The numbers in the filing capture how dependent SpaceX has become on reuse. Of 165 Falcon 9 launches in 2025, only eight used a booster making its first flight, according to the SEC prospectus. The remaining 157 flights were reused boosters. That scale is the business model. The Starlink constellation, which provides a substantial and growing portion of SpaceX revenue, depends entirely on this fleet of flown, reflowed, and flown-again hardware.
The prospectus frames the 25-flight cap as a business judgment about the Falcon 9 program's eventual wind-down. But B1067's trajectory suggests the engineering ceiling, at 40 flights, may be the more durable constraint, and the company has not yet found a reason to stop flying a booster simply because its accounting ledger says the asset is depleted.
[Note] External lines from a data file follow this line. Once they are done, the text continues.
(* Let $\{A_n\}_{n\ge1}$ be i.i.d. positive random variables, $X_1=\log A_1$, with $\mathbb EX_1<0$ and $\mathbb E|X_1|^q<\infty$ for some integer $q\ge2$. Let $P$ be the transition kernel on $[0,\infty)$ of the Markov chain $Z_{n+1}=A_{n+1}Z_n+1$, i.e. $PV(x)=\mathbb E[V(A_1x+1)]$, and let $V(x)=(\log x)^q\mathbb 1_{\{x>e\}}+\mathbb 1_{\{x\le e\}}$ for $x\ge0$. Then there exist constants $c>0$, $K<\infty$ and $b<\infty$ such that, with $C=[0,K]$, $$PV(x)\le V(x)-cV(x)^{(q-1)/q}+b\mathbb 1_C(x)\qquad\text{for all }x\ge0.$$ *)

theory Defs
  imports "HOL-Probability.Probability"
begin

definition lyapV :: "nat \<Rightarrow> real \<Rightarrow> real" where
  "lyapV q x = (if x > exp 1 then (ln x) ^ q else 1)"

end

theory Submission
  imports Defs
begin

text \<open>
  Since \<open>E ln (A + \<delta>) \<rightarrow> E ln A < 0\<close> as \<open>\<delta> \<rightarrow> 0\<close>, some \<open>\<delta> > 0\<close> keeps
  \<open>Z = ln (A + \<delta>)\<close> of negative mean \<open>m\<close>. For \<open>x \<ge> 1/\<delta>\<close> we have \<open>ln (A x + 1) \<le> L + Z\<close> with
  \<open>L = ln x\<close>, and expanding \<open>(L + Z)^q\<close> binomially gives
  \<open>E V(A x + 1) \<le> L^q + q m L^(q-1) + O(L^(q-2))\<close>, the error being controlled by the
  \<open>q\<close>-th moment of \<open>Z\<close>. As \<open>V(x)^((q-1)/q) = L^(q-1)\<close>, this is the drift for large \<open>x\<close>;
  on \<open>[0, K]\<close> both sides are bounded. Only the law of \<open>A\<^sub>1\<close> enters the one-step kernel.
\<close>

lemma mixed_power_le:
  fixes L z :: real and n k :: nat
  assumes L: "L \<ge> 0" and k: "2 \<le> k" "k \<le> n + 2"
  shows "z ^ k * L ^ (n + 2 - k) \<le> L ^ n * z\<^sup>2 + \<bar>z\<bar> ^ (n + 2)"
proof -
  have "z ^ k * L ^ (n + 2 - k) \<le> \<bar>z\<bar> ^ k * L ^ (n + 2 - k)"
    using L by (intro mult_right_mono) (auto simp flip: power_abs)
  also have "\<dots> \<le> L ^ n * z\<^sup>2 + \<bar>z\<bar> ^ (n + 2)"
  proof (cases "\<bar>z\<bar> \<le> L")
    case True
    have "\<bar>z\<bar> ^ k = \<bar>z\<bar> ^ (2 + (k - 2))" using k by (simp only: le_add_diff_inverse)
    then have "\<bar>z\<bar> ^ k * L ^ (n + 2 - k) = z\<^sup>2 * (\<bar>z\<bar> ^ (k - 2) * L ^ (n + 2 - k))"
      by (simp only: power_add power2_abs mult.assoc)
    also have "\<dots> \<le> z\<^sup>2 * (L ^ (k - 2) * L ^ (n + 2 - k))"
      using True L by (intro mult_left_mono mult_right_mono power_mono) auto
    also have "\<dots> = z\<^sup>2 * L ^ (k - 2 + (n + 2 - k))" by (simp add: power_add)
    also have "k - 2 + (n + 2 - k) = n" using k by simp
    finally show ?thesis by (simp add: mult.commute add_increasing2)
  next
    case False
    have "\<bar>z\<bar> ^ k * L ^ (n + 2 - k) \<le> \<bar>z\<bar> ^ k * \<bar>z\<bar> ^ (n + 2 - k)"
      using False L by (intro mult_left_mono power_mono) auto
    also have "\<dots> = \<bar>z\<bar> ^ (n + 2)"
      using k by (simp flip: power_add)
    finally show ?thesis using L by (simp add: add_increasing)
  qed
  finally show ?thesis .
qed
The gap between what SpaceX has proven it can do and what its financial disclosures say about reuse is the question the IPO will not easily answer. In an industry built on the expendable rocket model, the company has quietly made reuse ordinary. The June 12 offering will require public investors to decide whether that operational fact is worth the valuation, even if the accounting fiction that surrounds it has not yet caught up.